The corners of the acrylic sheets are way too sharp – something I didn’t take into account during the design stage. The blockers for the F-row cluster gaps are also missing (an oversight).
This was my first time dipping my toes into the keyboard designing experience, and I had a lot of fun doing it. While my first keyboard isn’t perfect and there’s plenty of room for improvement, I’m happy that it has been completed and I have a functional input device to use. This post was written on it!

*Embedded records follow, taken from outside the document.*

lemma uncut_path_f_Inl:
  assumes "(x, y) \<in> (gedges A)\<^sup>*"
  shows "(f (Inl x), f (Inl y)) \<in> (uncut_edges a graft_cut)\<^sup>*"
  using assms
proof (induction rule: rtrancl_induct)
  case (step y z)
  then have y: "y \<in> gverts A" "gpar A y = Some z" "y \<notin> groots A"
    unfolding gedges_def groots_def by auto
  then have "(f (Inl y), f (Inl z)) \<in> uncut_edges a graft_cut"
    using gpar_f_Inl f_Inl_mem f_Inl_notin_graft_cut unfolding uncut_edges_def gedges_def by auto
  then show ?case
    by (rule rtrancl_into_rtrancl[OF step.IH])
qed simp

lemma cut_pverts_graft_cut: "cut_pverts a graft_cut = f ` Inl ` gverts A"
proof
  show "f ` Inl ` gverts A \<subseteq> cut_pverts a graft_cut"
  proof
    fix x assume "x \<in> f ` Inl ` gverts A"
    then obtain v where v: "v \<in> gverts A" "x = f (Inl v)"
      by auto
    moreover obtain \<rho> where "\<rho> \<in> groots A" "(v, \<rho>) \<in> (gedges A)\<^sup>*"
      using forest_reaches_root[OF forest_A v(1)] by blast
    ultimately show "x \<in> cut_pverts a graft_cut"
      using uncut_path_f_Inl[of v \<rho>] f_Inl_mem[of v] unfolding cut_pverts_uncut_edges by blast
  qed
  show "cut_pverts a graft_cut \<subseteq> f ` Inl ` gverts A"
  proof
    fix x assume "x \<in> cut_pverts a graft_cut"
    then obtain u where "u \<in> graft_cut" and path: "(x, u) \<in> (uncut_edges a graft_cut)\<^sup>*"
      unfolding cut_pverts_uncut_edges by auto
    then obtain \<rho> where \<rho>: "\<rho> \<in> groots A" "u = f (Inl \<rho>)"
      by auto
    then have "u \<notin> f ` Inr ` gverts Ab"
      using f_Inl_neq_f_Inr[OF groots_imp_gverts] by auto
    then have "x \<notin> f ` Inr ` gverts Ab"
      using path_from_f_Inr uncut_path_imp_path[OF path] by auto
    moreover have "x \<in> gverts a"
      using path f_Inl_mem[OF groots_imp_gverts[OF \<rho>(1)]] \<rho>(2)
      unfolding uncut_edges_def gedges_def by (auto elim: converse_rtranclE)
    ultimately show "x \<in> f ` Inl ` gverts A"
      using gverts_a by blast
  qed
qed
(* As $d \to \infty$, \[ m_{\mathcal S}(d) \geq (1+o(1))\frac{\log d}{\log \log d}, \] where $\mathcal S$ is the class of star forests. In other words, there is a function $\varepsilon(d) \to 0$ as $d\to\infty$ such that for every $d$ there exists a family of at least $(1+\varepsilon(d))\frac{\log d}{\log\log d}$ star forests (minus one) — more precisely, a family of $m_{\mathcal S}(d)-1$ star forests — showing that $m_{\mathcal S}(d) \geq (1+\varepsilon(d))\frac{\log d}{\log \log d}$.
   Context: All graphs are finite. Given a family $\mathcal G = \{G_1,\dots,G_k\}$ of graphs all spanning a common vertex set $V$, a cooperative coloring of $\mathcal G$ is a family of sets $R_1,\dots,R_k \subseteq V$ such that each $R_i$ is an independent set of $G_i$ and $V = \bigcup_{i=1}^k R_i$. For a graph class $\mathcal H$, $m_{\mathcal H}(d)$ denotes the minimum value $m$ such that every family $\mathcal G$ of at least $m$ graphs from $\mathcal H$, each of maximum degree at most $d$, spanning a common vertex set, has a cooperative coloring. A star forest is a graph each of whose connected components is a star (a tree with at most one vertex of degree greater than $1$). $\mathcal S$ denotes the class of star forests. Logarithms are natural, and asymptotic notation is as $d \to \infty$. *)

theory Defs
  imports "HOL-Analysis.Analysis"
begin

text \<open>Simple graphs on a finite vertex set V (vertices taken from nat, which is
no loss of generality since every finite graph is isomorphic to one on nat),
given by a symmetric irreflexive edge relation supported on V.\<close>

definition graph_on :: "nat set \<Rightarrow> (nat \<Rightarrow> nat \<Rightarrow> bool) \<Rightarrow> bool" where
  "graph_on V E \<longleftrightarrow> (\<forall>u v. E u v \<longrightarrow> u \<in> V \<and> v \<in> V) \<and> (\<forall>u v. E u v \<longrightarrow> E v u) \<and> (\<forall>u. \<not> E u u)"

definition connected_set :: "(nat \<Rightarrow> nat \<Rightarrow> bool) \<Rightarrow> nat set \<Rightarrow> bool" where
  "connected_set E C \<longleftrightarrow> C \<noteq> {} \<and>
     (\<forall>u\<in>C. \<forall>v\<in>C. (\<lambda>x y. E x y \<and> x \<in> C \<and> y \<in> C)\<^sup>*\<^sup>* u v)"

definition is_cycle :: "(nat \<Rightarrow> nat \<Rightarrow> bool) \<Rightarrow> nat list \<Rightarrow> bool" where
  "is_cycle E xs \<longleftrightarrow> length xs \<ge> 3 \<and> distinct xs \<and>
     (\<forall>i < length xs. E (xs ! i) (xs ! ((i + 1) mod length xs)))"

definition acyclic_on :: "(nat \<Rightarrow> nat \<Rightarrow> bool) \<Rightarrow> nat set \<Rightarrow> bool" where
  "acyclic_on E C \<longleftrightarrow> \<not> (\<exists>xs. set xs \<subseteq> C \<and> is_cycle E xs)"

definition is_tree :: "(nat \<Rightarrow> nat \<Rightarrow> bool) \<Rightarrow> nat set \<Rightarrow> bool" where
  "is_tree E C \<longleftrightarrow> connected_set E C \<and> acyclic_on E C"

definition is_star :: "(nat \<Rightarrow> nat \<Rightarrow> bool) \<Rightarrow> nat set \<Rightarrow> bool" where
  "is_star E C \<longleftrightarrow> is_tree E C \<and> card {v \<in> C. card {u \<in> C. E v u} > 1} \<le> 1"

If I were to continue to improve this keyboard (which I’ll probably do in the future since I still have some extra PCBs), I would make the following changes:
- Include rounded corners so my keyboard doesn’t accidentally cut anybody
- Figure out what caused the plate to be cut incorrectly so no additional filing needs to be done
- Include blockers for the F-row clusters
- Increase the size of the standoffs and screws to M3
- Produce a metal case if I have the funds for it
Edit 2/1/20 – forgot to include the typing test video I recorded for the keyboard
GNGKB75 (Acrylic case)
– JTK Hyperfuse
– Everglide Oreo switches
If you’re interested in building one of these yourself, I’ve got 4 spare PCBs available – I can sell them at cost ($15) + shipping (depending on your location) – you’ll have to source the onboard components and case yourself. Just drop me a message (on Reddit or comment here) to let me know.
All files for the keyboard are open-source and available on Github.
Once again, thanks to Don for all his help. Without him, this project wouldn’t have even taken off. I would still be at step zero.